I have provided as accurate and complete medical and personal history as possible, including those antibiotics, drugs, medications, and foods to which I am allergic. I will follow any and all instructions as explained and directed to me, and permit all required diagnostic procedures. I have had an opportunity to discuss my past medical and health history including any serious problems and/or injury with the doctor.
Necessary Follow-up Care and Self-Care.
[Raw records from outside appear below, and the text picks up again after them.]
lemma limit_distribution_l1_close:
  shows "(\<lambda>z. \<bar>limit_distribution z - P n y0 z\<bar>) summable_on S"
    and "(\<Sum>\<^sub>\<infinity>z\<in>S. \<bar>limit_distribution z - P n y0 z\<bar>) \<le> 2 * (1 - \<epsilon>) ^ (n div m)"
proof -
  have lim: "(\<lambda>k. P (k + n) y0 z - P n y0 z) \<longlonglongrightarrow> limit_distribution z - P n y0 z"
    if "z \<in> S" for z
    using LIMSEQ_ignore_initial_segment[OF P_row_tendsto[OF that], of n] by (intro tendsto_diff) auto
  have summable: "(\<lambda>z. P (k + n) y0 z - P n y0 z) summable_on S" for k
    using row_tail_bound(1) by (simp add: abs_summable_on_real_iff)
  show "(\<lambda>z. \<bar>limit_distribution z - P n y0 z\<bar>) summable_on S"
    by (rule infsum_abs_le_of_tendsto(1)[OF lim summable row_tail_bound(2)])
  show "(\<Sum>\<^sub>\<infinity>z\<in>S. \<bar>limit_distribution z - P n y0 z\<bar>) \<le> 2 * (1 - \<epsilon>) ^ (n div m)"
    by (rule infsum_abs_le_of_tendsto(2)[OF lim summable row_tail_bound(2)])
qed

lemma limit_distribution_summable: "limit_distribution summable_on S"
proof -
  have "(\<lambda>z. (limit_distribution z - P 0 y0 z) + P 0 y0 z) summable_on S"
    using limit_distribution_l1_close(1)[of 0] P_row_summable
    by (intro summable_on_add) (auto simp: abs_summable_on_real_iff)
  then show ?thesis by simp
qed

lemma P_row_close: "y \<in> S \<Longrightarrow> \<bar>P n y0 y - limit_distribution y\<bar> \<le> 2 * (1 - \<epsilon>) ^ (n div m)"
  using order.trans[OF abs_le_infsum_abs limit_distribution_l1_close(2)]
    summable_on_diff[OF limit_distribution_summable P_row_summable]
  by (simp add: abs_minus_commute)
lemma window_net_Cauchy:
  assumes As: "\<And>k. As k \<in> F"
    and mup: "real_net_converges (\<lambda>i j. mup (window_Inter As i j)) L"
    and mum: "real_net_converges (\<lambda>i j. mum (window_Inter As i j)) L"
    and "e > 0"
  obtains N where "\<And>i j i' j'. N \<le> i \<Longrightarrow> i \<le> j \<Longrightarrow> N \<le> i' \<Longrightarrow> i' \<le> j' \<Longrightarrow>
    d_mu mup (window_Inter As i j) (window_Inter As i' j') < e"
proof -
  let ?C = "window_Inter As"
  have CF: "i \<le> j \<Longrightarrow> ?C i j \<in> F" for i j
    using As by (rule window_Inter_in_F)
  have "e/4 > 0" using \<open>e > 0\<close> by simp
  then obtain N1 N2 where
    N1: "\<forall>i j. N1 \<le> i \<longrightarrow> i \<le> j \<longrightarrow> \<bar>mup (?C i j) - L\<bar> < e/4" and
    N2: "\<forall>i j. N2 \<le> i \<longrightarrow> i \<le> j \<longrightarrow> \<bar>mum (?C i j) - L\<bar> < e/4"
    using mup mum unfolding real_net_converges_def net_converges_iff_tail by meson
  define N where "N = max N1 N2"
  have nested: "d_mu mup (?C i j) (?C m M) < e/2"
    if "N \<le> m" "m \<le> i" "i \<le> j" "j \<le> M" for m i j M
  proof -
    have "d_mu mup (?C i j) (?C m M) = d_mu mup (?C m M) (?C i j)"
      by (rule d_mu_sym)
    also have "\<dots> \<le> mup (?C i j) - mum (?C m M)"
      using that by (intro d_mu_subset_le CF window_Inter_antimono) auto
    also have "\<dots> < e/2"
    proof -
      have "\<bar>mup (?C i j) - L\<bar> < e/4" "\<bar>mum (?C m M) - L\<bar> < e/4"
        using N1 N2 that unfolding N_def by auto
      then show ?thesis unfolding abs_less_iff by linarith
    qed
    finally show ?thesis .
  qed
  show ?thesis
  proof (rule that)
    fix i j i' j' assume "N \<le> i" "i \<le> j" "N \<le> i'" "i' \<le> j'"
    let ?m = "min i i'" and ?M = "max j j'"
    have "d_mu mup (?C i j) (?C i' j') \<le> d_mu mup (?C i j) (?C ?m ?M) + d_mu mup (?C ?m ?M) (?C i' j')"
      using \<open>i \<le> j\<close> \<open>i' \<le> j'\<close> by (intro d_mu_triangle CF) auto
    also have "\<dots> = d_mu mup (?C i j) (?C ?m ?M) + d_mu mup (?C i' j') (?C ?m ?M)"
      by (simp add: d_mu_sym)
    also have "\<dots> < e/2 + e/2"
      using nested[of ?m i j ?M] nested[of ?m i' j' ?M] \<open>N \<le> i\<close> \<open>i \<le> j\<close> \<open>N \<le> i'\<close> \<open>i' \<le> j'\<close>
      by (intro add_strict_mono) auto
    finally show "d_mu mup (?C i j) (?C i' j') < e" by simp
  qed
qed
(* For $G_w$-almost every $w\in\Theta_w$, the distribution $K_w$ has a continuous CDF (is atomless). Consequently the set $\Theta':=\{(w,B)\in\Theta: K_w \text{ has a continuous CDF}\}$ satisfies $G(\Theta')=1$.
   Context: Setting. Fix an integer $d\ge 2$ and constants $U>0$, $B_{\min}>0$. Buyer types are $(w,B)\in\Theta:=(0,U)^d\times(B_{\min},U)$; $\Theta_w:=(0,U)^d$. Item types are $\alpha\in A\subset\mathbb{R}^d_{+}$ (strictly positive orthant); all sets carry the Lebesgue $\sigma$-algebra. $F$ is a probability distribution on $A$ with a density and $G$ a probability distribution on $\Theta$ with a density; $G_w$ is the marginal distribution of $w$ under $G$. Reserve prices: measurable $r:A\to(0,\infty)$. Let $K$ be the distribution of $\alpha/r(\alpha)$ when $\alpha\sim F$, and for $w\in\Theta_w$ let $K_w$ be the distribution of $w^T\gamma$ when $\gamma\sim K$ (i.e. the distribution of $w^T\alpha/r(\alpha)$ under $\alpha\sim F$). *)

theory Defs
  imports "HOL-Probability.Probability"
begin

definition Theta :: "real \<Rightarrow> real \<Rightarrow> ((real^'n) \<times> real) set" where
  "Theta U Bmin = {(w, B). (\<forall>i. 0 < w $ i \<and> w $ i < U) \<and> Bmin < B \<and> B < U}"

definition Kdist :: "(real^'n) measure \<Rightarrow> (real^'n \<Rightarrow> real) \<Rightarrow> (real^'n) measure" where
  "Kdist F r = distr F borel (\<lambda>\<alpha>. (1 / r \<alpha>) *\<^sub>R \<alpha>)"

definition Kw :: "(real^'n) measure \<Rightarrow> (real^'n \<Rightarrow> real) \<Rightarrow> real^'n \<Rightarrow> real measure" where
  "Kw F r w = distr (Kdist F r) borel (\<lambda>\<gamma>. w \<bullet> \<gamma>)"

end

theory Submission
  imports Defs
begin

(* Since r > 0 on A and d \<ge> 2, the law K of \<alpha> / r \<alpha> has no atoms: \<alpha> / r \<alpha> = \<gamma> forces \<alpha>
   onto the line through \<gamma>, a Lebesgue null set. For two independent K-samples \<gamma>, \<gamma>' the
   tie w \<bullet> \<gamma> = w \<bullet> \<gamma>' then has probability 0 for Lebesgue-a.e. w, by Tonelli: for \<gamma> \<noteq> \<gamma>'
   the ties lie on a hyperplane in w, and \<gamma> = \<gamma>' is a null event. An atom c of K_w would
   give the tie probability K_w{c}^2 > 0. Finally G has a Lebesgue density, so the null set
   of bad w, times the budget axis, is G-null. *)

lemma continuous_cdf_if_no_atoms:
  fixes M :: "real measure"
  assumes "prob_space M" "sets M = sets borel" "\<And>c. measure M {c} = 0"
  shows "continuous_on UNIV (cdf M)"
proof -
  interpret real_distribution M
    using assms by (auto simp: real_distribution_def real_distribution_axioms_def)
  show ?thesis
    using isCont_cdf assms(3) by (intro continuous_at_imp_continuous_on) auto
qed

lemma hyperplane_in_null_sets_lborel:
  fixes v :: "'a::euclidean_space"
  assumes "v \<noteq> 0"
  shows "{w. v \<bullet> w = 0} \<in> null_sets lborel"
proof -
  have "{w. v \<bullet> w = 0} \<in> null_sets lebesgue"
    using negligible_hyperplane[of v 0] assms by (simp add: negligible_iff_null_sets)
  moreover have "{w. v \<bullet> w = 0} \<in> sets lborel"
    using closed_hyperplane by (auto intro: borel_closed)
  ultimately show ?thesis
    by (simp add: null_sets_completion_iff)
qed

lemma pair_diagonal_in_null_sets:
  fixes K :: "'a::euclidean_space measure"
  assumes "prob_space K" "sets K = sets borel" "\<And>x. emeasure K {x} = 0"
  shows "{p. fst p = snd p} \<in> null_sets (K \<Otimes>\<^sub>M K)"
proof -
  interpret prob_space K by fact
  have "{p \<in> space (borel \<Otimes>\<^sub>M borel). fst p = (snd p :: 'a)} \<in> sets (borel \<Otimes>\<^sub>M borel)"
    by measurable
  then have diag: "{p. fst p = snd p} \<in> sets (K \<Otimes>\<^sub>M K)"
    using assms(2) by (simp add: space_pair_measure sets_pair_measure_cong[OF assms(2) assms(2)])
  have "emeasure (K \<Otimes>\<^sub>M K) {p. fst p = snd p} = (\<integral>\<^sup>+x. emeasure K (Pair x -` {p. fst p = snd p}) \<partial>K)"
    using diag by (rule emeasure_pair_measure_alt)
  also have "\<dots> = 0"
    using assms(3) by (simp add: vimage_def)
  finally show ?thesis
    using diag by (rule null_setsI)
qed
(* Let $V(1),\dots,V(T)\in\mathbb R^p$ and $0=\nu_0<\nu_1<\dots<\nu_M=T$ be such that $V(\nu_m+1)=\dots=V(\nu_{m+1})$ for all $m=0,\dots,M-1$. Let $\Delta$ be a positive integer and suppose $\nu=\nu_m$ for some $1\le m\le M-1$ satisfies $|\nu_m-\nu_{m'}|\ge\Delta$ for all $m'\ne m$. With \[ \widetilde V(t)=\sqrt{\frac{T-t}{Tt}}\sum_{r=1}^tV(r)-\sqrt{\frac{t}{T(T-t)}}\sum_{r=t+1}^TV(r),\qquad t\in\{1,\dots,T-1\}, \] it holds that \[ \max_{1\le t\le T-1}\|\widetilde V(t)\|^2\ \ge\ \frac{\|V(\nu)-V(\nu+1)\|^2\Delta^2}{48T}. \]
   Context: $\|\cdot\|$ is the Euclidean norm. *)

theory Defs
  imports "HOL-Analysis.Analysis"
begin

definition Vtilde :: "(nat \<Rightarrow> real ^ 'p) \<Rightarrow> nat \<Rightarrow> nat \<Rightarrow> real ^ 'p" where
  "Vtilde V T t =
     sqrt ((real T - real t) / (real T * real t)) *\<^sub>R (\<Sum>r=1..t. V r)
   - sqrt (real t / (real T * (real T - real t))) *\<^sub>R (\<Sum>r=t+1..T. V r)"

end

theory Submission
  imports Defs
begin

text \<open>Up to the factor \<open>sqrt (T / (t (T - t)))\<close>, \<open>Vtilde V T t\<close> is the centred partial sum
  \<open>C t = S t - (t / T) S T\<close> with \<open>S t = V 1 + ... + V t\<close>; note \<open>C 0 = C T = 0\<close>.
  If \<open>V\<close> equals \<open>a\<close> on the \<open>\<Delta>\<close> steps before \<open>n\<close> and \<open>b\<close> on the \<open>\<Delta>\<close> steps after it,
  the second difference \<open>C (n + \<Delta>) - 2 C n + C (n - \<Delta>)\<close> is \<open>\<Delta> (b - a)\<close>, so one of these three
  values has norm at least \<open>\<Delta> \<parallel>b - a\<parallel> / 4\<close>, and that index lies strictly between \<open>0\<close> and \<open>T\<close>
  unless \<open>a = b\<close>. As \<open>t (T - t) \<le> T\<^sup>2 / 4\<close>, this gives the bound with \<open>4 T\<close> in place of \<open>48 T\<close>.\<close>

definition centered_cusum :: "(nat \<Rightarrow> 'a::real_vector) \<Rightarrow> nat \<Rightarrow> nat \<Rightarrow> 'a" where
  "centered_cusum V T t = (\<Sum>r=1..t. V r) - (real t / real T) *\<^sub>R (\<Sum>r=1..T. V r)"

lemma centered_cusum_0 [simp]: "centered_cusum V T 0 = 0"
  by (simp add: centered_cusum_def)

lemma centered_cusum_self [simp]: "centered_cusum V T T = 0"
  by (cases "T = 0") (simp_all add: centered_cusum_def)

lemma sum_atLeastAtMost_add_constant_block:
  assumes "\<And>r. k < r \<Longrightarrow> r \<le> k + d \<Longrightarrow> V r = c"
  shows "(\<Sum>r=1..k+d. V r) = (\<Sum>r=1..k. V r) + real d *\<^sub>R (c :: 'a::real_vector)"
proof -
  have "(\<Sum>r=1..k+d. V r) = (\<Sum>r=1..k. V r) + (\<Sum>r=k+1..k+d. V r)"
    by (rule sum.ub_add_nat) simp
  also have "(\<Sum>r=k+1..k+d. V r) = (\<Sum>r=k+1..k+d. c)"
    using assms by (intro sum.cong) auto
  finally show ?thesis
    by (simp add: sum_constant_scaleR)
qed

lemma centered_cusum_second_difference:
  assumes "\<Delta> \<le> n"
    and before: "\<And>t. n - \<Delta> < t \<Longrightarrow> t \<le> n \<Longrightarrow> V t = a"
    and after: "\<And>t. n < t \<Longrightarrow> t \<le> n + \<Delta> \<Longrightarrow> V t = b"
  shows "centered_cusum V T (n + \<Delta>) - 2 *\<^sub>R centered_cusum V T n + centered_cusum V T (n - \<Delta>)
           = real \<Delta> *\<^sub>R (b - a)"
proof -
  define S where "S t = (\<Sum>r=1..t. V r)" for t
  have S_after: "S (n + \<Delta>) = S n + real \<Delta> *\<^sub>R b"
    unfolding S_def using after by (rule sum_atLeastAtMost_add_constant_block)
  have "S (n - \<Delta> + \<Delta>) = S (n - \<Delta>) + real \<Delta> *\<^sub>R a"
    unfolding S_def using before assms(1) by (intro sum_atLeastAtMost_add_constant_block) auto
  then have S_before: "S n = S (n - \<Delta>) + real \<Delta> *\<^sub>R a"
    using assms(1) by simp
  have weights: "real (n + \<Delta>) / real T - 2 * (real n / real T) + real (n - \<Delta>) / real T = 0"
    using assms(1) by (simp add: of_nat_diff add_divide_distrib[symmetric] diff_divide_distrib[symmetric])
  have "centered_cusum V T (n + \<Delta>) - 2 *\<^sub>R centered_cusum V T n + centered_cusum V T (n - \<Delta>)
      = (S (n + \<Delta>) - S n) - (S n - S (n - \<Delta>))
        - (real (n + \<Delta>) / real T - 2 * (real n / real T) + real (n - \<Delta>) / real T) *\<^sub>R S T"
    unfolding centered_cusum_def S_def by (simp add: scaleR_2 algebra_simps)
  then show ?thesis
    unfolding weights S_after S_before by (simp add: algebra_simps)
qed

lemma norm_second_difference_le:
  fixes x y z :: "'a::real_normed_vector"
  shows "\<exists>w\<in>{x, y, z}. norm (x - 2 *\<^sub>R y + z) \<le> 4 * norm w"
proof -
  have "norm (x - 2 *\<^sub>R y + z) \<le> norm (x - 2 *\<^sub>R y) + norm z"
    by (rule norm_triangle_ineq)
  also have "norm (x - 2 *\<^sub>R y) \<le> norm x + 2 * norm y"
    using norm_triangle_ineq4[of x "2 *\<^sub>R y"] by simp
  finally have "norm (x - 2 *\<^sub>R y + z) \<le> norm x + 2 * norm y + norm z"
    by simp
  then show ?thesis
    by (cases "norm x \<le> norm y"; cases "norm y \<le> norm z"; cases "norm x \<le> norm z") auto
qed

lemma Vtilde_eq_scaled_centered_cusum:
  assumes "1 \<le> t" "t < T"
  shows "Vtilde V T t = sqrt (real T / (real t * (real T - real t))) *\<^sub>R centered_cusum V T t"
proof -
  define k where "k = sqrt (real T / (real t * (real T - real t)))"
  have pos: "real t > 0" "real T - real t > 0" "real T > 0"
    using assms by auto
  have split: "(\<Sum>r=1..T. V r) = (\<Sum>r=1..t. V r) + (\<Sum>r=t+1..T. V r)"
    using sum.ub_add_nat[of 1 t V "T - t"] assms by simp
  have "sqrt ((real T - real t) / (real T * real t))
      = sqrt (real T / (real t * (real T - real t)) * ((real T - real t) / real T)\<^sup>2)"
    using pos by (simp add: field_simps power2_eq_square)
  then have left: "sqrt ((real T - real t) / (real T * real t)) = k * ((real T - real t) / real T)"
    unfolding k_def real_sqrt_mult using pos by simp
  have "sqrt (real t / (real T * (real T - real t)))
      = sqrt (real T / (real t * (real T - real t)) * (real t / real T)\<^sup>2)"
    using pos by (simp add: field_simps power2_eq_square)
  then have right: "sqrt (real t / (real T * (real T - real t))) = k * (real t / real T)"
    unfolding k_def real_sqrt_mult using pos by simp
  have "Vtilde V T t = k *\<^sub>R ((((real T - real t) / real T) + real t / real T) *\<^sub>R (\<Sum>r=1..t. V r)
      - (real t / real T) *\<^sub>R (\<Sum>r=1..T. V r))"
    unfolding Vtilde_def left right split by (simp add: algebra_simps)
  also have "((real T - real t) / real T) + real t / real T = 1"
    using pos by (simp add: field_simps)
  finally show ?thesis
    unfolding k_def centered_cusum_def by simp
qed

lemma norm_Vtilde_ge_centered_cusum:
  assumes "1 \<le> t" "t < T"
  shows "4 / real T * (norm (centered_cusum V T t))\<^sup>2 \<le> (norm (Vtilde V T t))\<^sup>2"
proof -
  have pos: "real t > 0" "real T - real t > 0"
    using assms by auto
  have "4 * (real t * (real T - real t)) \<le> real T * real T"
    using zero_le_power2[of "real T - 2 * real t"] by (simp add: power2_eq_square algebra_simps)
  then have "4 / real T \<le> real T / (real t * (real T - real t))"
    using pos by (simp add: field_simps)
  then have "4 / real T * (norm (centered_cusum V T t))\<^sup>2
      \<le> real T / (real t * (real T - real t)) * (norm (centered_cusum V T t))\<^sup>2"
    by (rule mult_right_mono) simp
  also have "\<dots> = (norm (Vtilde V T t))\<^sup>2"
    using pos assms by (simp add: Vtilde_eq_scaled_centered_cusum power_mult_distrib)
  finally show ?thesis .
qed

lemma Vtilde_jump_lower_bound:
  fixes V :: "nat \<Rightarrow> real ^ 'p"
  assumes "0 < \<Delta>" "\<Delta> \<le> n" "n + \<Delta> \<le> T"
    and before: "\<And>t. n - \<Delta> < t \<Longrightarrow> t \<le> n \<Longrightarrow> V t = a"
    and after: "\<And>t. n < t \<Longrightarrow> t \<le> n + \<Delta> \<Longrightarrow> V t = b"
  shows "\<exists>t\<in>{1..T-1}. (real \<Delta> * norm (b - a))\<^sup>2 / (4 * real T) \<le> (norm (Vtilde V T t))\<^sup>2"
proof -
  let ?C = "centered_cusum V T"
  have "?C (n + \<Delta>) - 2 *\<^sub>R ?C n + ?C (n - \<Delta>) = real \<Delta> *\<^sub>R (b - a)"
    using assms(2) before after by (rule centered_cusum_second_difference)
  then have "\<exists>w\<in>?C ` {n - \<Delta>, n, n + \<Delta>}. norm (real \<Delta> *\<^sub>R (b - a)) \<le> 4 * norm w"
    using norm_second_difference_le[of "?C (n + \<Delta>)" "?C n" "?C (n - \<Delta>)"] by auto
  then obtain t where t: "t \<in> {n - \<Delta>, n, n + \<Delta>}" and big: "real \<Delta> * norm (b - a) \<le> 4 * norm (?C t)"
    by auto
  show ?thesis
  proof (cases "?C t = 0")
    case True
    with big have "a = b"
      using assms(1) by (simp add: mult_le_0_iff)
    then show ?thesis
      using assms by (intro bexI[of _ n]) auto
  next
    case False
    then have "t \<noteq> 0" "t \<noteq> T"
      by (metis centered_cusum_0, metis centered_cusum_self)
    moreover have "t \<le> T"
      using t assms(3) by auto
    ultimately have t_range: "1 \<le> t" "t < T"
      by auto
    have "(real \<Delta> * norm (b - a))\<^sup>2 / (4 * real T) \<le> (4 * norm (?C t))\<^sup>2 / (4 * real T)"
      using big by (intro divide_right_mono power_mono) auto
    also have "\<dots> = 4 / real T * (norm (?C t))\<^sup>2"
      by (simp add: power_mult_distrib)
    also have "\<dots> \<le> (norm (Vtilde V T t))\<^sup>2"
      using t_range by (rule norm_Vtilde_ge_centered_cusum)
    finally show ?thesis
      using t_range by auto
  qed
qed

lemma lift_Suc_mono_le_upto:
  fixes f :: "nat \<Rightarrow> 'a::order"
  assumes "\<And>i. i < M \<Longrightarrow> f i \<le> f (Suc i)" "i \<le> j" "j \<le> M"
  shows "f i \<le> f j"
  using assms(2,3)
proof (induction j rule: dec_induct)
  case (step j)
  then have "f i \<le> f j"
    by simp
  also have "f j \<le> f (Suc j)"
    using step.prems assms(1) by simp
  finally show ?case .
qed simp

lemma separated_changepoint_window:
  fixes \<nu> :: "nat \<Rightarrow> nat"
  assumes nuM: "\<nu> M = T"
    and nu_mono: "\<And>i. i < M \<Longrightarrow> \<nu> i < \<nu> (Suc i)"
    and const: "\<And>i t. i < M \<Longrightarrow> \<nu> i + 1 \<le> t \<Longrightarrow> t \<le> \<nu> (Suc i) \<Longrightarrow> V t = V (\<nu> i + 1)"
    and m_range: "1 \<le> m" "m < M"
    and sep: "\<And>m'. m' \<le> M \<Longrightarrow> m' \<noteq> m \<Longrightarrow> \<bar>int (\<nu> m) - int (\<nu> m')\<bar> \<ge> int \<Delta>"
  shows "\<nu> m + \<Delta> \<le> T"
    and "\<Delta> \<le> \<nu> m"
    and "\<And>t. \<nu> m - \<Delta> < t \<Longrightarrow> t \<le> \<nu> m \<Longrightarrow> V t = V (\<nu> m)"
    and "\<And>t. \<nu> m < t \<Longrightarrow> t \<le> \<nu> m + \<Delta> \<Longrightarrow> V t = V (\<nu> m + 1)"
proof -
  have "\<nu> (m + 1) \<le> \<nu> M"
    by (rule lift_Suc_mono_le_upto[of M \<nu>]) (use nu_mono m_range in \<open>auto simp: less_imp_le\<close>)
  then have "\<nu> m < \<nu> (m + 1)" "\<nu> (m + 1) \<le> T"
    using nu_mono[of m] m_range nuM by auto
  moreover have "\<bar>int (\<nu> m) - int (\<nu> (m + 1))\<bar> \<ge> int \<Delta>"
    using sep[of "m + 1"] m_range by simp
  ultimately have next_gap: "\<nu> m + \<Delta> \<le> \<nu> (m + 1)"
    by linarith
  with \<open>\<nu> (m + 1) \<le> T\<close> show "\<nu> m + \<Delta> \<le> T"
    by simp
  have "\<nu> (m - 1) < \<nu> m" "\<bar>int (\<nu> m) - int (\<nu> (m - 1))\<bar> \<ge> int \<Delta>"
    using nu_mono[of "m - 1"] sep[of "m - 1"] m_range by simp_all
  then have prev_gap: "\<nu> (m - 1) + \<Delta> \<le> \<nu> m"
    by linarith
  then show "\<Delta> \<le> \<nu> m"
    by simp
  show "V t = V (\<nu> m)" if "\<nu> m - \<Delta> < t" "t \<le> \<nu> m" for t
    using const[of "m - 1" t] const[of "m - 1" "\<nu> m"] that prev_gap m_range nu_mono[of "m - 1"] by simp
  show "V t = V (\<nu> m + 1)" if "\<nu> m < t" "t \<le> \<nu> m + \<Delta>" for t
    using const[of m t] that next_gap m_range by simp
qed

theorem lemma15:
  fixes V :: "nat \<Rightarrow> real ^ 'p"
    and T M \<Delta> m :: nat
    and \<nu> :: "nat \<Rightarrow> nat"
  assumes nu0: "\<nu> 0 = 0"
    and nuM: "\<nu> M = T"
    and nu_mono: "\<And>i. i < M \<Longrightarrow> \<nu> i < \<nu> (Suc i)"
    and const: "\<And>i t. i < M \<Longrightarrow> \<nu> i + 1 \<le> t \<Longrightarrow> t \<le> \<nu> (Suc i) \<Longrightarrow> V t = V (\<nu> i + 1)"
    and Delta_pos: "\<Delta> > 0"
    and m_range: "1 \<le> m" "m \<le> M - 1"
    and sep: "\<And>m'. m' \<le> M \<Longrightarrow> m' \<noteq> m \<Longrightarrow> \<bar>int (\<nu> m) - int (\<nu> m')\<bar> \<ge> int \<Delta>"
  shows "(Max ((\<lambda>t. (norm (Vtilde V T t))\<^sup>2) ` {1..T-1}))
           \<ge> (norm (V (\<nu> m) - V (\<nu> m + 1)))\<^sup>2 * (real \<Delta>)\<^sup>2 / (48 * real T)"
proof -
  have "m < M"
    using m_range by simp
  note window = separated_changepoint_window[of \<nu> M T V m \<Delta>, OF nuM nu_mono const \<open>1 \<le> m\<close> this sep]
  have "\<exists>t\<in>{1..T-1}.
      (real \<Delta> * norm (V (\<nu> m + 1) - V (\<nu> m)))\<^sup>2 / (4 * real T) \<le> (norm (Vtilde V T t))\<^sup>2"
    using Delta_pos window(2,1,3,4) by (rule Vtilde_jump_lower_bound)
  then obtain t where t: "t \<in> {1..T-1}"
    and bound: "(real \<Delta> * norm (V (\<nu> m + 1) - V (\<nu> m)))\<^sup>2 / (4 * real T) \<le> (norm (Vtilde V T t))\<^sup>2"
    by blast
  have "real T > 0"
    using window(1) Delta_pos by simp
  then have "(norm (V (\<nu> m) - V (\<nu> m + 1)))\<^sup>2 * (real \<Delta>)\<^sup>2 / (48 * real T)
      \<le> (norm (V (\<nu> m) - V (\<nu> m + 1)))\<^sup>2 * (real \<Delta>)\<^sup>2 / (4 * real T)"
    by (intro divide_left_mono) auto
  also have "\<dots> = (real \<Delta> * norm (V (\<nu> m + 1) - V (\<nu> m)))\<^sup>2 / (4 * real T)"
    by (simp add: norm_minus_commute power_mult_distrib)
  also note bound
  also have "(norm (Vtilde V T t))\<^sup>2 \<le> Max ((\<lambda>t. (norm (Vtilde V T t))\<^sup>2) ` {1..T-1})"
    using t by (intro Max_ge) auto
  finally show ?thesis .
qed

end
Natural teeth and appliances should be maintained daily in a clean, hygienic manner. I should follow post-operative instructions given after surgery to ensure proper healing. I will need to come for appointments following the procedure so that my healing may be monitored and so that my doctor can evaluate and report on the outcome of the surgery upon completion of healing.
I will not drink alcohol or take non-prescribed drugs during the treatment period. If sedation or general anesthesia is used I will not to operate a motor vehicle or hazardous device for at least 24 hours or more until full recovered from the effects of the anesthesia or drugs.
I will let the doctor’s office know if I change my address so I can be contacted for any recalls.
I give permission for persons other than the doctors involved on my care and treatment to observe this operation (such as company representatives and dentists who are learning the procedure) and I consent to photography, filming, recording and x-rays of my oral and facial structures and the procedure, and their publication for educational and scientific purposes, provided my identity is not revealed. I give up all rights for compensation for publication of these records.
If teeth are removed during treatment, they may be retained for training purposes and then disposed of sensitively.
I know the fee that I am to be charged. I am satisfied with it and know that it does not include additional post-operative x-rays, injections or anesthetics that may later be necessary to correct any complications. As a courtesy to me, the office staff will help prepare and file insurance claims should I be insured. However, the agreement of the insurance company to pay for medical expenses is a contract between myself and the insurance company and does not relieve my responsibility to pay for services provided. Some and perhaps all of the services provided may not be covered or not considered reasonable and customary by my insurance company. I am responsible for paying all co-pays and deductibles at the time services are rendered and all costs that have not been paid for by my insurance within 45 days. Otherwise, all payments are due at the time services are rendered. All accounts not paid in full within 90 days shall accrue interest at the rate of 18% per year. I will be liable for all collection costs, including court costs and attorney fees
I read and write English. I have read and understand this form. All blanks or statements requiring insertion or completion were filled in and inapplicable paragraphs, if any, were stricken before I signed. I have been encouraged to ask questions, and am satisfied with the answers. I have read this entire form. I give my informed consent for surgery and anesthesia.
Someone at the doctor’s office has explained this form, my condition, the procedure, how the procedure could help me, things that can go wrong, and my other options, including not having anything done. I want to have the procedure done.